▸ **Your task**
From the entries below, reproduce exactly the line containing "r\<^sup>2 * u", the line containing "r + k\<^sup>2", and every line in between, with nothing added.

▸ **Recorded data**
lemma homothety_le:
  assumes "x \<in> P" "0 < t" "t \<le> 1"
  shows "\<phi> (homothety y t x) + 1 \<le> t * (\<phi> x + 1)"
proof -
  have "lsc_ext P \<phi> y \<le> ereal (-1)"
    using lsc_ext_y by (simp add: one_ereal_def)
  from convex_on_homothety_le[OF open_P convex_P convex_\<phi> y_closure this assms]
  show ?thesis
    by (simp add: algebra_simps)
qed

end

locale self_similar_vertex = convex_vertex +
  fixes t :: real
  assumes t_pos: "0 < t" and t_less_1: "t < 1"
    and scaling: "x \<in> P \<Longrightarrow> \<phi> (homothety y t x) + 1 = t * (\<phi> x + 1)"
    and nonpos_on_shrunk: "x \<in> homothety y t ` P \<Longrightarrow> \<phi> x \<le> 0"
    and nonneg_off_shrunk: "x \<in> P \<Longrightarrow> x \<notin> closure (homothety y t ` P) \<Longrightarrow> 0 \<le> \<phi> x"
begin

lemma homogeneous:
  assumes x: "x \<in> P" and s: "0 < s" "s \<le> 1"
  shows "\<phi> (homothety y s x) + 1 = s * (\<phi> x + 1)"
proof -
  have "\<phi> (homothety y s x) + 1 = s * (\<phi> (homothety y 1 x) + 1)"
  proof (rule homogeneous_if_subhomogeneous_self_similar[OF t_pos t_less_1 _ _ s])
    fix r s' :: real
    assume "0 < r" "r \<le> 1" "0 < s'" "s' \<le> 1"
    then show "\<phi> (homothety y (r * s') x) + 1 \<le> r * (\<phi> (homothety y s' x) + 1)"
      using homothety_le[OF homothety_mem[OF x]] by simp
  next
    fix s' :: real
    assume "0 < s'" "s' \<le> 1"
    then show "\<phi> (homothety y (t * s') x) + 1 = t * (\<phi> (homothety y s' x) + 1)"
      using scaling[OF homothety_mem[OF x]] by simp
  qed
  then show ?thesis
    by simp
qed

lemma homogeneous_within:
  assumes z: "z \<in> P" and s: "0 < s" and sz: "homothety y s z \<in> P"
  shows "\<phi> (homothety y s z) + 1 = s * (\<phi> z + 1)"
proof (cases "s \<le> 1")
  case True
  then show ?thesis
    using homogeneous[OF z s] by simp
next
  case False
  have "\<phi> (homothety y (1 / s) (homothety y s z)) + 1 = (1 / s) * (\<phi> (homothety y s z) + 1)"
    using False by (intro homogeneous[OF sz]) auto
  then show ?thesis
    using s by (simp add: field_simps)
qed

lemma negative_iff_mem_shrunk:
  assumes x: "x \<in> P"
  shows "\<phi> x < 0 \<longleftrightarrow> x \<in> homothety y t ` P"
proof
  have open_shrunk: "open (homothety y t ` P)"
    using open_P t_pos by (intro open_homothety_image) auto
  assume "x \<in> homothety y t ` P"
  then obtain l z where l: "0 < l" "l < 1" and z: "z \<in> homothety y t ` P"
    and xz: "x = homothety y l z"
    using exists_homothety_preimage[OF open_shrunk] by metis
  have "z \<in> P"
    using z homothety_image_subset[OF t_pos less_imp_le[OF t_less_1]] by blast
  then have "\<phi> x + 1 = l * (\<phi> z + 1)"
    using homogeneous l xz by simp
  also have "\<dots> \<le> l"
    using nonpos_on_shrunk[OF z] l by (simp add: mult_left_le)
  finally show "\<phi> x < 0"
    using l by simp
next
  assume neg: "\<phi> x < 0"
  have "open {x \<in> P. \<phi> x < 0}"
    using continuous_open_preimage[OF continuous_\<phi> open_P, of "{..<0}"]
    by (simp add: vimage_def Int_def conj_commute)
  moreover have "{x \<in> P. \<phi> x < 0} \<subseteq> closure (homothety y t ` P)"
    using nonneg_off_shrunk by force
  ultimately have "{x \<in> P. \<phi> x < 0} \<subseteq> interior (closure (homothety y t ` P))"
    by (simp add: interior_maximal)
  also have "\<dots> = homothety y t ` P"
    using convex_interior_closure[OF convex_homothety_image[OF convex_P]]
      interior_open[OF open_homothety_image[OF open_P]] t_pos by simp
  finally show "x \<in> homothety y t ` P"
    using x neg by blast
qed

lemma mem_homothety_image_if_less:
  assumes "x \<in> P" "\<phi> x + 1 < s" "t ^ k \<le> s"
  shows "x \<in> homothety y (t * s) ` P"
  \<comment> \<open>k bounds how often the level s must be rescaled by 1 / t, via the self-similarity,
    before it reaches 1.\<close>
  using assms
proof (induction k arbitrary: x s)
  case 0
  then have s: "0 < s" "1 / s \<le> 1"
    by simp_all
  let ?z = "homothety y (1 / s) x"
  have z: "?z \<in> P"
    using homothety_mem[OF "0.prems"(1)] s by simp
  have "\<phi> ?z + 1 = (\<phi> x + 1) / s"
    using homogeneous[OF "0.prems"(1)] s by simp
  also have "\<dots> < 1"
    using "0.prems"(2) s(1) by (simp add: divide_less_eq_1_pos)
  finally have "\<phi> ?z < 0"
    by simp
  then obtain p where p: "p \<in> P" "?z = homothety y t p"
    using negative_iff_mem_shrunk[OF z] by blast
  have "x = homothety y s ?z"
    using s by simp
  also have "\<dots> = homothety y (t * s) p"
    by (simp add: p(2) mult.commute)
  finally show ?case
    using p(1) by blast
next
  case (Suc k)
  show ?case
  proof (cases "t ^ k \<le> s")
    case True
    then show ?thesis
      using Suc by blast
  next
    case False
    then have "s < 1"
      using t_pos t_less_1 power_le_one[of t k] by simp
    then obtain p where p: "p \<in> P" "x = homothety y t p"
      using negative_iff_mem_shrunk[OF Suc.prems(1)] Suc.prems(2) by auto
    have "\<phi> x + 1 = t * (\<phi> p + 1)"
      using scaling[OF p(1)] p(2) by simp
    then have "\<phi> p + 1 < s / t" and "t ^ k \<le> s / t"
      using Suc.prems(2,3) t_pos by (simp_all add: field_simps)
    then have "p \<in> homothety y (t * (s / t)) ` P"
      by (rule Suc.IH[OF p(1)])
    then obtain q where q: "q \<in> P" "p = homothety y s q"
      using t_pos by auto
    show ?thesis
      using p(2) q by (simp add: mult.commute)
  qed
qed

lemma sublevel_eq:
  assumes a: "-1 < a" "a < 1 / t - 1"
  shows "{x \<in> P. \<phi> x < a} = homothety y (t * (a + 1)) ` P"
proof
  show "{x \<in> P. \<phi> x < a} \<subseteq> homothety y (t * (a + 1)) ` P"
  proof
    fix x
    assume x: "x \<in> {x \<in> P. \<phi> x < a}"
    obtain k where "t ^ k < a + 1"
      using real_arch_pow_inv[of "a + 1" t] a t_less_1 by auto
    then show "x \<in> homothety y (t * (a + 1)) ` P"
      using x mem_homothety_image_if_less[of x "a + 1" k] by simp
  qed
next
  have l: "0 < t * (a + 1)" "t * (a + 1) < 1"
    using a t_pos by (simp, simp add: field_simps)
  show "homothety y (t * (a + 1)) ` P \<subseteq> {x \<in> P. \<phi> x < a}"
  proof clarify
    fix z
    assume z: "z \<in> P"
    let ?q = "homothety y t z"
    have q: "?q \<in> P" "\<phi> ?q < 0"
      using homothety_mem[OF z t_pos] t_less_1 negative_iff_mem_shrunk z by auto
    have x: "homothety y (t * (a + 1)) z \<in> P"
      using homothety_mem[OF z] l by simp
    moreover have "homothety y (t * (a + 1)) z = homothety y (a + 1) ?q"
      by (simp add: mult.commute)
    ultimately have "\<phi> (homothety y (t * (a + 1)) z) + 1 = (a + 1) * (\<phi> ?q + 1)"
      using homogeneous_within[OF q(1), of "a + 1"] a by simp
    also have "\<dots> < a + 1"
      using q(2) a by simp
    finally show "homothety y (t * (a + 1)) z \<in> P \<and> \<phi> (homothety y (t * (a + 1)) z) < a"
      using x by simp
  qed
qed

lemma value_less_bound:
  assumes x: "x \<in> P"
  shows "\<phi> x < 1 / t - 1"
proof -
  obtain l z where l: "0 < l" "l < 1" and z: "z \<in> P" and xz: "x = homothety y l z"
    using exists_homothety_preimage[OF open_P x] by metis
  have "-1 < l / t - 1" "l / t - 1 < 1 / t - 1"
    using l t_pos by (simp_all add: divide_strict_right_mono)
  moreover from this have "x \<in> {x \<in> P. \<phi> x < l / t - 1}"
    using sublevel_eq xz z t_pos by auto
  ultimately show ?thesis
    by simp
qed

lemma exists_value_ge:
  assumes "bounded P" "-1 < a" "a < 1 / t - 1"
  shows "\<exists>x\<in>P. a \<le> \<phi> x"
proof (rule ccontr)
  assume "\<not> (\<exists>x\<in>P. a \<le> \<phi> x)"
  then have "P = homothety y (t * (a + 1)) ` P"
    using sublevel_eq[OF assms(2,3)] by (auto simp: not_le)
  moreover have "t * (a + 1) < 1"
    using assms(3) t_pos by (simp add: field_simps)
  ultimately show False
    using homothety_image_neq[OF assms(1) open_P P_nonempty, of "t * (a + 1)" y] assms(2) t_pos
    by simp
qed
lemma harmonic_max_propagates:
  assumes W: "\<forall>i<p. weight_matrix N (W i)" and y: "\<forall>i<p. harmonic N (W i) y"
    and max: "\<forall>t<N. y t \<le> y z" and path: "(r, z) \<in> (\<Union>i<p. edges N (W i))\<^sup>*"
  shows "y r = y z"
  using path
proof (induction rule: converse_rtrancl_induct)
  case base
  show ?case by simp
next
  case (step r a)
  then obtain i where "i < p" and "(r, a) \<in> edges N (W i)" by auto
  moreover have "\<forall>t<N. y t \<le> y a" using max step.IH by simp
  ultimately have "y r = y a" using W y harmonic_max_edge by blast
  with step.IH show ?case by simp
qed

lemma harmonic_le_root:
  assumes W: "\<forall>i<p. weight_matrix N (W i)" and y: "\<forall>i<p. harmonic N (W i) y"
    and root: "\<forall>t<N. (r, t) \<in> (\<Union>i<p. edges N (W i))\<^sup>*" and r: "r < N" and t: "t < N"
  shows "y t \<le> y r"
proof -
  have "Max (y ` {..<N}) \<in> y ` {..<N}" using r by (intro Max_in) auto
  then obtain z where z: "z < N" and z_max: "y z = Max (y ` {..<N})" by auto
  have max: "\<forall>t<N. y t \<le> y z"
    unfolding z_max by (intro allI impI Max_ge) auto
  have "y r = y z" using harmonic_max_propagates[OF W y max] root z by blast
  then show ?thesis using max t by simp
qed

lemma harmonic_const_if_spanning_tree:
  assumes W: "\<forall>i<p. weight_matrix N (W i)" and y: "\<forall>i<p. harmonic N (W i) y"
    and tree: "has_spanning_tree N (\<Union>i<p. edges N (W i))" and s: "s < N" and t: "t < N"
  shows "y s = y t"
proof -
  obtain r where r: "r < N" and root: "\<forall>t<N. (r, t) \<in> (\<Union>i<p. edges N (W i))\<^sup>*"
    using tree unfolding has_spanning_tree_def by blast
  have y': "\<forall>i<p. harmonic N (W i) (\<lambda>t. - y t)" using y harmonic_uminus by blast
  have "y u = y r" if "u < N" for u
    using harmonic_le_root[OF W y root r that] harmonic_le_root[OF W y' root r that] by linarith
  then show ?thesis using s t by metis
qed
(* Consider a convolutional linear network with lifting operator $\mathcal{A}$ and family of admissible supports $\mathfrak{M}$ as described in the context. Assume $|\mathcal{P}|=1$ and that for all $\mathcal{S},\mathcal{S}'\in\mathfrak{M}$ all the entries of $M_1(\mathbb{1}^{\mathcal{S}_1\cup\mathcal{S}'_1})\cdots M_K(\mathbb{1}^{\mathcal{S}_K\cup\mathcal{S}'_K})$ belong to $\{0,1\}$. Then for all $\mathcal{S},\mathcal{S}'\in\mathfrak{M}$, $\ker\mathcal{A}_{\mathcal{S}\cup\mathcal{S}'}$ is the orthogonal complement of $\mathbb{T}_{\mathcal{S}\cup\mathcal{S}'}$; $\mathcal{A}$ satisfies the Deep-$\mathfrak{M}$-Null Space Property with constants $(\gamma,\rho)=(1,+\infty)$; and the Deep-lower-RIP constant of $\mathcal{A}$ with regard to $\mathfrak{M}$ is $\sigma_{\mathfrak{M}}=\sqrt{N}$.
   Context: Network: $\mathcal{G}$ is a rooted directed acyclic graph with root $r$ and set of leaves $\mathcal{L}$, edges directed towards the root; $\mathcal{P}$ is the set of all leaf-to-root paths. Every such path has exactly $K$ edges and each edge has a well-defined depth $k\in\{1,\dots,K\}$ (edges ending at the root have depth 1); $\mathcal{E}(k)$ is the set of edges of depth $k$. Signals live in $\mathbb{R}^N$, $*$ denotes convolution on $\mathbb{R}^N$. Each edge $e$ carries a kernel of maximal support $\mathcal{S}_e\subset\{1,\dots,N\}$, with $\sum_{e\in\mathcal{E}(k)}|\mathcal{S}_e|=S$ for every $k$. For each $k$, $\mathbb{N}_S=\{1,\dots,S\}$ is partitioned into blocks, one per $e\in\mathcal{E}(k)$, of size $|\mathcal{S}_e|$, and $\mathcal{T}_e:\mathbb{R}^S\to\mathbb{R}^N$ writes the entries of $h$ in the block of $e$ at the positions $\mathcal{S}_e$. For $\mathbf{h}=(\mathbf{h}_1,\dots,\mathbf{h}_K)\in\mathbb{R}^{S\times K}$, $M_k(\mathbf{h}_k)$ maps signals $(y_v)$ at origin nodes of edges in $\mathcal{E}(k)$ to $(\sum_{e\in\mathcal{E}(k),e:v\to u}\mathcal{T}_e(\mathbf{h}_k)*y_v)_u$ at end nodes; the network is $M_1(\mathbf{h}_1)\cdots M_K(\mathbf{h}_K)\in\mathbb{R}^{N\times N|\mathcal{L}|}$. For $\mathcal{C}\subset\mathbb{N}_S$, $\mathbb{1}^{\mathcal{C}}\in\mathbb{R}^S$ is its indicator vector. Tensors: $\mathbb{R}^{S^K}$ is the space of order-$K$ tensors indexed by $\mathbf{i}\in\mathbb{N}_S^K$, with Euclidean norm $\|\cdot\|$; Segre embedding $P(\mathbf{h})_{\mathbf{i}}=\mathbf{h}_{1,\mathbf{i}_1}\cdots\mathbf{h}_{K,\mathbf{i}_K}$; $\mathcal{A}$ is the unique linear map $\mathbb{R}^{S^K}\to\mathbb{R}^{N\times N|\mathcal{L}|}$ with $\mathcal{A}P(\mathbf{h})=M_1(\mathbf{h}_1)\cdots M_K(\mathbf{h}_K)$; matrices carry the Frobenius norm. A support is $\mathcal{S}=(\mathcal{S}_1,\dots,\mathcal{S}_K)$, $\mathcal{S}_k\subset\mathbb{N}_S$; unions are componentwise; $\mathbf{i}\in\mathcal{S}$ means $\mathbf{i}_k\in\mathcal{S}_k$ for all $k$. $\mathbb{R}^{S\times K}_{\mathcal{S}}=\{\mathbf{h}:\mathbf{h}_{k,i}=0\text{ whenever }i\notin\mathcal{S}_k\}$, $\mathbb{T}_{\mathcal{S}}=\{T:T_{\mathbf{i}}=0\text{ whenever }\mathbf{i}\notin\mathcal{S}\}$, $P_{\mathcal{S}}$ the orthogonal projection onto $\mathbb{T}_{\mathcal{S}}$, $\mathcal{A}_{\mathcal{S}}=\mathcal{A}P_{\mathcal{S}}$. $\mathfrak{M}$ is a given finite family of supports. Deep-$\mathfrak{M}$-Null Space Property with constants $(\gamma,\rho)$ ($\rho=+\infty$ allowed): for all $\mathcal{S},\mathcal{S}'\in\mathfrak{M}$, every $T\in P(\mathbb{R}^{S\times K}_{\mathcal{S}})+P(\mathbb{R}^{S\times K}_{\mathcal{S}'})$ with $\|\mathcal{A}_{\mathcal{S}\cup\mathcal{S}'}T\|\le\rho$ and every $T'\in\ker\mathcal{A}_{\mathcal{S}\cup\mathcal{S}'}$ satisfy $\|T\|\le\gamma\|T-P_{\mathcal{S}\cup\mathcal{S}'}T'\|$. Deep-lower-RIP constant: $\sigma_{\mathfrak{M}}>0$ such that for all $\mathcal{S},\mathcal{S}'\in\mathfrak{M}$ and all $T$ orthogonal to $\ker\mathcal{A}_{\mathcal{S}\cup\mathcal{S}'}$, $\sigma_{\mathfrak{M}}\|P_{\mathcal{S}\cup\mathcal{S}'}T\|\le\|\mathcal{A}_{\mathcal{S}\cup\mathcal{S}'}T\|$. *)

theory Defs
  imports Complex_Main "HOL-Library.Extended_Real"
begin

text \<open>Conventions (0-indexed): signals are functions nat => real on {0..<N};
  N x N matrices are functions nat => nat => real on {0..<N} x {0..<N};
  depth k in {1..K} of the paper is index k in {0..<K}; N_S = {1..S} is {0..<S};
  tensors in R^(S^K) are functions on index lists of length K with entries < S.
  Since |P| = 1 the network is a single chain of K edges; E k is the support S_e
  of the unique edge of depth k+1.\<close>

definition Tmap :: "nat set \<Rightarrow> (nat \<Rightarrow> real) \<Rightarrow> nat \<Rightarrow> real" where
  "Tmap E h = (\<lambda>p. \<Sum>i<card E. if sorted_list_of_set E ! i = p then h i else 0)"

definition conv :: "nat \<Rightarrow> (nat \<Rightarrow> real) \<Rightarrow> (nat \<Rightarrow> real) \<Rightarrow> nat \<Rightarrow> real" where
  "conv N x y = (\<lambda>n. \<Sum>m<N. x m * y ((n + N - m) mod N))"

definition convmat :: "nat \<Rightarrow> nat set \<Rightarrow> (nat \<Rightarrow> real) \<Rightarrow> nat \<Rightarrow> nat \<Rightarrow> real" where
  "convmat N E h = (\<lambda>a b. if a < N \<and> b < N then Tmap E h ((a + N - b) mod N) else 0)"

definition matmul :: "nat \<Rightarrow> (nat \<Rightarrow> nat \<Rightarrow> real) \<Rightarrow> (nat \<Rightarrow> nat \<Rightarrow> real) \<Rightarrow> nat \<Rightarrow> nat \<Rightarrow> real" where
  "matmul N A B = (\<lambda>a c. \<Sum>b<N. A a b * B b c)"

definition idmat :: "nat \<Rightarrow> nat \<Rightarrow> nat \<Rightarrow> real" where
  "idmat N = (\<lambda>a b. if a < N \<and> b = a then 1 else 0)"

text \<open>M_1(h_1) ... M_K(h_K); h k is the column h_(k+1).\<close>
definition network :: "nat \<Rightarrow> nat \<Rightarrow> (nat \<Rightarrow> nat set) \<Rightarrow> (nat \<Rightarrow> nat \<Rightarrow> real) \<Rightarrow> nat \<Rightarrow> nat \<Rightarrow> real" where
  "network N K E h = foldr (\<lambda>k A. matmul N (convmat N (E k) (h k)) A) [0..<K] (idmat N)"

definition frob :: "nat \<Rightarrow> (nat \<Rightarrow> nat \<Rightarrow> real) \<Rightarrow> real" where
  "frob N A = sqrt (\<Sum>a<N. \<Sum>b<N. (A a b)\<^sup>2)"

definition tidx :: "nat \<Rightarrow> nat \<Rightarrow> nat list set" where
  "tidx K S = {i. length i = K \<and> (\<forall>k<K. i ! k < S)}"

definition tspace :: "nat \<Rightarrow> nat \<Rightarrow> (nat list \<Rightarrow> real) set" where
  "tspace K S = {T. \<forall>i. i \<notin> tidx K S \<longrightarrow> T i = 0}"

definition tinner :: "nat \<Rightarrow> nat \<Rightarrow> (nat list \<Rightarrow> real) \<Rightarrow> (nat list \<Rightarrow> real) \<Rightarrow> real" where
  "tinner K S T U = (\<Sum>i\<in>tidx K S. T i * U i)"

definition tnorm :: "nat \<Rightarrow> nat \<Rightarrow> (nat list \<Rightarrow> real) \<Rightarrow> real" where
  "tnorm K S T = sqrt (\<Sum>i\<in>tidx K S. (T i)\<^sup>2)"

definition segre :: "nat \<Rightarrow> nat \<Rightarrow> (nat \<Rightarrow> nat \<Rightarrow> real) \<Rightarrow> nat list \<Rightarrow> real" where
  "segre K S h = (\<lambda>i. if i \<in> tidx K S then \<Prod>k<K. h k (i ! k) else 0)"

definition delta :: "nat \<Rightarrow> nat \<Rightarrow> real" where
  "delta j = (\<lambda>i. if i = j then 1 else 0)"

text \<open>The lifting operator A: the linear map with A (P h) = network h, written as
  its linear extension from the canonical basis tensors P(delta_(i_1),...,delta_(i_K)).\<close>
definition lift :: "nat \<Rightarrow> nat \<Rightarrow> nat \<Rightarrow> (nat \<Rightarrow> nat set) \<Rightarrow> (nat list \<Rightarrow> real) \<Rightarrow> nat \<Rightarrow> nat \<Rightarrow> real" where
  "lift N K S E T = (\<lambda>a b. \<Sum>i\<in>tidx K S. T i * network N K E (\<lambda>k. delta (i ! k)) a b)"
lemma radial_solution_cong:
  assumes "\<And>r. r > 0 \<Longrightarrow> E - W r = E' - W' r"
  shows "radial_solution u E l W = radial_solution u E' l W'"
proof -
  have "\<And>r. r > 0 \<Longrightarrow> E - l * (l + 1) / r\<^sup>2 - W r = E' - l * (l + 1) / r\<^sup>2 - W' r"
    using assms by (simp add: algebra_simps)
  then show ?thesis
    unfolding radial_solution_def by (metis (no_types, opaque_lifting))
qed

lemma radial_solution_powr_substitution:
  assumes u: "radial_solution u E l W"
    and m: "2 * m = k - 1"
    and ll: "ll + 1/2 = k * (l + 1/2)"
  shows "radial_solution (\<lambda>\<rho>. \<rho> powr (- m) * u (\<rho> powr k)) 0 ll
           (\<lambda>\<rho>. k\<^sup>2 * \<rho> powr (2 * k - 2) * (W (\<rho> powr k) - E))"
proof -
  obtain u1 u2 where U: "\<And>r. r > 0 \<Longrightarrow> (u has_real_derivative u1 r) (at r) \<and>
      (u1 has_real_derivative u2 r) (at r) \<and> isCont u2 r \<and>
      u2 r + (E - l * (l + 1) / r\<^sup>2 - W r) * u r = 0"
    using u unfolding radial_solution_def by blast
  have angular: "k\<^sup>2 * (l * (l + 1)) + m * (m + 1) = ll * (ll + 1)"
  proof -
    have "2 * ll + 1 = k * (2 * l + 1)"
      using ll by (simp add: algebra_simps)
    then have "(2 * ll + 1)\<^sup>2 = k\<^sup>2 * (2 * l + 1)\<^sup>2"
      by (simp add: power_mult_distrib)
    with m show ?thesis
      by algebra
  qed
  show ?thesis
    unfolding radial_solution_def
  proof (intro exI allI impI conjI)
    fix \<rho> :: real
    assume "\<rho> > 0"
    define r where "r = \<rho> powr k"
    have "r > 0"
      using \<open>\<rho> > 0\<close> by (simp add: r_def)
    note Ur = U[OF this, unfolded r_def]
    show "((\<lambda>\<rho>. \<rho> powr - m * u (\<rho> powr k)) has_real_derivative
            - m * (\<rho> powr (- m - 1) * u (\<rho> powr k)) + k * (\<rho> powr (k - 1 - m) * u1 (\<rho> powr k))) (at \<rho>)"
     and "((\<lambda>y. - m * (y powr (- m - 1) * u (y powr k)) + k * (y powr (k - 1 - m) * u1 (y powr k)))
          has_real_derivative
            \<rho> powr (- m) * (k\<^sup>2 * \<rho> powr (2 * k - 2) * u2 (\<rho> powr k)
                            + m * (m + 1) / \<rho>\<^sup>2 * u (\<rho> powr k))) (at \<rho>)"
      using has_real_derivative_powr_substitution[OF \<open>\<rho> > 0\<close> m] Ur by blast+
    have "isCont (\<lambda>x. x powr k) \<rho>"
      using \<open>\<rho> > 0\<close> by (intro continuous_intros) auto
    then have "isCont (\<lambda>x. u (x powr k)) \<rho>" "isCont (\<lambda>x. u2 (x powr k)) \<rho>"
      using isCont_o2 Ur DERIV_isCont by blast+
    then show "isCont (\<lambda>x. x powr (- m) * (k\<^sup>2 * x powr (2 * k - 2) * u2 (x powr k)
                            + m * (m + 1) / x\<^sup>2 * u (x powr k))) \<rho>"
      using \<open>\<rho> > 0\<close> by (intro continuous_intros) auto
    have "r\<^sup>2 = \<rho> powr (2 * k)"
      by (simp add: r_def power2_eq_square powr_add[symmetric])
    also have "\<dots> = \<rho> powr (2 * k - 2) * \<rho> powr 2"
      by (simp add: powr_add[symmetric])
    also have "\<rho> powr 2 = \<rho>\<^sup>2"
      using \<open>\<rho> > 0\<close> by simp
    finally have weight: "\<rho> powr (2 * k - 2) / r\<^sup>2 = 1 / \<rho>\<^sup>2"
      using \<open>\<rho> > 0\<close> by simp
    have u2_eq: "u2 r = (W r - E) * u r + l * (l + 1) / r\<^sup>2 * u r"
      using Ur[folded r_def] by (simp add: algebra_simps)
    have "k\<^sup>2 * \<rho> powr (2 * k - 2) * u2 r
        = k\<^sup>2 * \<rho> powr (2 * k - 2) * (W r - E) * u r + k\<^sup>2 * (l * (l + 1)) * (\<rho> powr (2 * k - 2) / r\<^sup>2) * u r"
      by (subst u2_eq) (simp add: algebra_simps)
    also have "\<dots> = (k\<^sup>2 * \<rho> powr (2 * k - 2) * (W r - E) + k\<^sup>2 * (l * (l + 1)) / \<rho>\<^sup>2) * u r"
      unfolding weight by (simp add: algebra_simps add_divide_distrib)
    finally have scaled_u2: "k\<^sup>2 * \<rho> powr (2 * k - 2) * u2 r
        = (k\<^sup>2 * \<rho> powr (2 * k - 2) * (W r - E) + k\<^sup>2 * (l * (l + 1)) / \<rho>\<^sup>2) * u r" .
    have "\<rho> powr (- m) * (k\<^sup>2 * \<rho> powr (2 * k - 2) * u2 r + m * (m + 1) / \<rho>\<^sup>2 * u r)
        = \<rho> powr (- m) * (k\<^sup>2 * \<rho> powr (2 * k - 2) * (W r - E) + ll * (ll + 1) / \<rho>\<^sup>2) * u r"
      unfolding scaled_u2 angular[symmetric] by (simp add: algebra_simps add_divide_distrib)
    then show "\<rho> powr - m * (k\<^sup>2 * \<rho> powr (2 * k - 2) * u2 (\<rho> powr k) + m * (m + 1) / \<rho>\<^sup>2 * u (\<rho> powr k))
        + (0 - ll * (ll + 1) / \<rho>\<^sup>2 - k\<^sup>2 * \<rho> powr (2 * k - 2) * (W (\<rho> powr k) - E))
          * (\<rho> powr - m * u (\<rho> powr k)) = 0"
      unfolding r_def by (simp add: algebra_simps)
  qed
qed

▸ **Output of the exercise**
    have u2_eq: "u2 r = (W r - E) * u r + l * (l + 1) / r\<^sup>2 * u r"
      using Ur[folded r_def] by (simp add: algebra_simps)
    have "k\<^sup>2 * \<rho> powr (2 * k - 2) * u2 r
        = k\<^sup>2 * \<rho> powr (2 * k - 2) * (W r - E) * u r + k\<^sup>2 * (l * (l + 1)) * (\<rho> powr (2 * k - 2) / r\<^sup>2) * u r"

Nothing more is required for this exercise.